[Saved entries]
□ □ □ □ □ □ □
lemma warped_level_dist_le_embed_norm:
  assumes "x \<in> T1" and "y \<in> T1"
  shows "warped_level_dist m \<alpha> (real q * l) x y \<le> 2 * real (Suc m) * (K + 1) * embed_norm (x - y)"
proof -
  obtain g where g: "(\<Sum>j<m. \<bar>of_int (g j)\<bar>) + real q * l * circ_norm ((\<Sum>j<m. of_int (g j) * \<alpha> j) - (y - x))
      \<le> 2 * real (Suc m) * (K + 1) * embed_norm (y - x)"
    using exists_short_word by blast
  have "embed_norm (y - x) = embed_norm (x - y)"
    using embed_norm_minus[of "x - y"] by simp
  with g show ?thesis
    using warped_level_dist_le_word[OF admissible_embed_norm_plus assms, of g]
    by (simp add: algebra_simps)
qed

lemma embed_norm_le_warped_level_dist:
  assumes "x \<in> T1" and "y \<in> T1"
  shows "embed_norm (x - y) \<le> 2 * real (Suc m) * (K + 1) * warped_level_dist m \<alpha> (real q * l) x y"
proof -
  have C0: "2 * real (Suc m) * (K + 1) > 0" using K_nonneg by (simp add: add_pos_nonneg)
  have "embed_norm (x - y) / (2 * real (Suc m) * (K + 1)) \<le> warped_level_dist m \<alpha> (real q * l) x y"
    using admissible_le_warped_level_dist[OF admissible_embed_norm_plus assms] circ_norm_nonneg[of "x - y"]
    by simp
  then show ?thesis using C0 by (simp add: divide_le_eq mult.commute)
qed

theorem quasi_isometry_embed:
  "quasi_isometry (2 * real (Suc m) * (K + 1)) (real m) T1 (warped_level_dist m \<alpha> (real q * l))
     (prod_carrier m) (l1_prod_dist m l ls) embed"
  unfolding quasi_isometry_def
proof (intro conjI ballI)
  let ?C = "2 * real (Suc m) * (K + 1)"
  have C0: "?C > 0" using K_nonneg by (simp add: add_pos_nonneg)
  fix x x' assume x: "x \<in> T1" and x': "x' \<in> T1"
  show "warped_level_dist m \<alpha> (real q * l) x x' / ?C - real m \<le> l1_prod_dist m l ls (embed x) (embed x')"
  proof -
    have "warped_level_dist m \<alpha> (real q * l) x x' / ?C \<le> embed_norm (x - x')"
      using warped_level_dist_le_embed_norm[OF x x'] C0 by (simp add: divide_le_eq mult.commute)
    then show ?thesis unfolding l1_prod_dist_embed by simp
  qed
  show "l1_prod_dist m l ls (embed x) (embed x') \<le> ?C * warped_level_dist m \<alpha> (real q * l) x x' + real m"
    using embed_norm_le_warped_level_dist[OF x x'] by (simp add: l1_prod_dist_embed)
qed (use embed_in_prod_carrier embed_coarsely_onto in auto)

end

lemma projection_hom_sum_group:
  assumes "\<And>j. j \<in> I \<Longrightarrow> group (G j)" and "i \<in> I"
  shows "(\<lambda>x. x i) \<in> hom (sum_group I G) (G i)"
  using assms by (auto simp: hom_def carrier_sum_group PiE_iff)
□ □ □ □ □ □ □
PROBLEM DETAILS =>
Give back, exactly as written, the stretch from the line with "(real q * l))" through the line with "then show ?thesis unfolding", and no other lines from the records above.

YOUR RESPONSE =>
  "quasi_isometry (2 * real (Suc m) * (K + 1)) (real m) T1 (warped_level_dist m \<alpha> (real q * l))
     (prod_carrier m) (l1_prod_dist m l ls) embed"
  unfolding quasi_isometry_def
proof (intro conjI ballI)
  let ?C = "2 * real (Suc m) * (K + 1)"
  have C0: "?C > 0" using K_nonneg by (simp add: add_pos_nonneg)
  fix x x' assume x: "x \<in> T1" and x': "x' \<in> T1"
  show "warped_level_dist m \<alpha> (real q * l) x x' / ?C - real m \<le> l1_prod_dist m l ls (embed x) (embed x')"
  proof -
    have "warped_level_dist m \<alpha> (real q * l) x x' / ?C \<le> embed_norm (x - x')"
      using warped_level_dist_le_embed_norm[OF x x'] C0 by (simp add: divide_le_eq mult.commute)
    then show ?thesis unfolding l1_prod_dist_embed by simp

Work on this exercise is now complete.